Deli diye acırız, deli diye kaçarız, deli diye korkarız muhtemelen. Aslında kimseye de
zararı yoktur yaptığının ama bize öğretilmiş kalıplar içinde sokak ortasında içinden
geldiği gibi davranma olmadığından buna cesaret göstereni “deli“ diyerek
kendimizden ayrıştırmayı tercih ederiz. Böylece kendimizi koruduğumuzu sanırız,
daha büyük bir kafes içinde kısılmış deliler olduğumuzu fark etmeden…
İrlandalı yazar Tomàs Mac Siomòin tam da bu konuda yazmış “Kemiklerdeki Müzik”

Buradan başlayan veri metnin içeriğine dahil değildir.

lemma sum_out_pairs_eq_sum_cnum:
  assumes "finite e"
  shows "(\<Sum>(a, x)\<in>out_pairs E e. card (nbhd E x - e)) = (\<Sum>f\<in>two_nbrs E e. cnum E e f)"
proof -
  have "finite (joins E e f)" if "f \<in> two_nbrs E e" for f
  proof -
    have "finite f" using that unfolding two_nbrs_def edges_def by auto
    then show ?thesis
      using assms by (auto intro: finite_subset[of _ "e \<times> f"] simp: joins_def)
  qed
  moreover have "finite (two_nbrs E e)"
    using finite_edges unfolding two_nbrs_def by auto
  ultimately have "card (SIGMA f:two_nbrs E e. joins E e f) = (\<Sum>f\<in>two_nbrs E e. cnum E e f)"
    unfolding cnum_def by simp
  moreover have "card (SIGMA (a, x):out_pairs E e. nbhd E x - e)
      = (\<Sum>(a, x)\<in>out_pairs E e. card (nbhd E x - e))"
    using finite_out_pairs[OF assms] finite_nbhd by (subst card_SigmaI) (auto simp: case_prod_beta)
  ultimately show ?thesis
    using bij_betw_same_card[OF two_nbrs_joins_bij] by simp
qed

lemma card_nbhd_outside_edge_le:
  assumes "E u v" and "(a, x) \<in> out_pairs E {u, v}"
  shows "card (nbhd E x - {u, v}) + (if E u x \<and> E v x then 1 else 0) \<le> degree E x - 1"
proof -
  have "a \<in> nbhd E x \<inter> {u, v}"
    using assms(2) adj_sym unfolding out_pairs_def nbhd_def by auto
  then have "1 \<le> card (nbhd E x \<inter> {u, v})"
    using finite_nbhd by (auto simp: Suc_le_eq card_gt_0_iff)
  moreover have "card (nbhd E x \<inter> {u, v}) = 2" if "E u x \<and> E v x"
  proof -
    have "nbhd E x \<inter> {u, v} = {u, v}" using that adj_sym unfolding nbhd_def by auto
    then show ?thesis using assms(1) adj_irrefl by (metis card_2_iff)
  qed
  moreover have "degree E x = card (nbhd E x \<inter> {u, v}) + card (nbhd E x - {u, v})"
    unfolding degree_def using finite_nbhd by (rule card_Int_Diff)
  ultimately show ?thesis by (cases "E u x \<and> E v x") auto
qed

öyküsünü. Öykünün karakterleri sessiz, görünmez bir orkestrayı yöneten Bay X, bu
durumla başa çıkamayan eşi Bayan X ve bu çifti tedavi eden psikiyatrist. Her ne
kadar üç karakter görünse de, öyküyü bitirdiğinizde öyküde aslında iki karakter, hatta
tek bir karakter mi var emin olamıyor okur. Üçünün hikâyesi birbirinin içine geçiyor,
birbirinin içinde yer alıyor ve sonunda bütünleşerek tek bir noktada buluşuyor.
Öyküde toplumsal doğrulara göre aklı, sağduyuyu temsil eden Bayan X’in, ruhunun
derinliklerinden gelen müziğe karşı koyamayan ve bu göksel müziği hiçbir kalıba
sığdıramayan Bay X’in karşında bir psikiyatristin oturması, Bayan X’in şikâyeti
üzerine Bay X’i tedavi etmeye çalışması delilik kavramına ciddi bir vurgu yapıyor.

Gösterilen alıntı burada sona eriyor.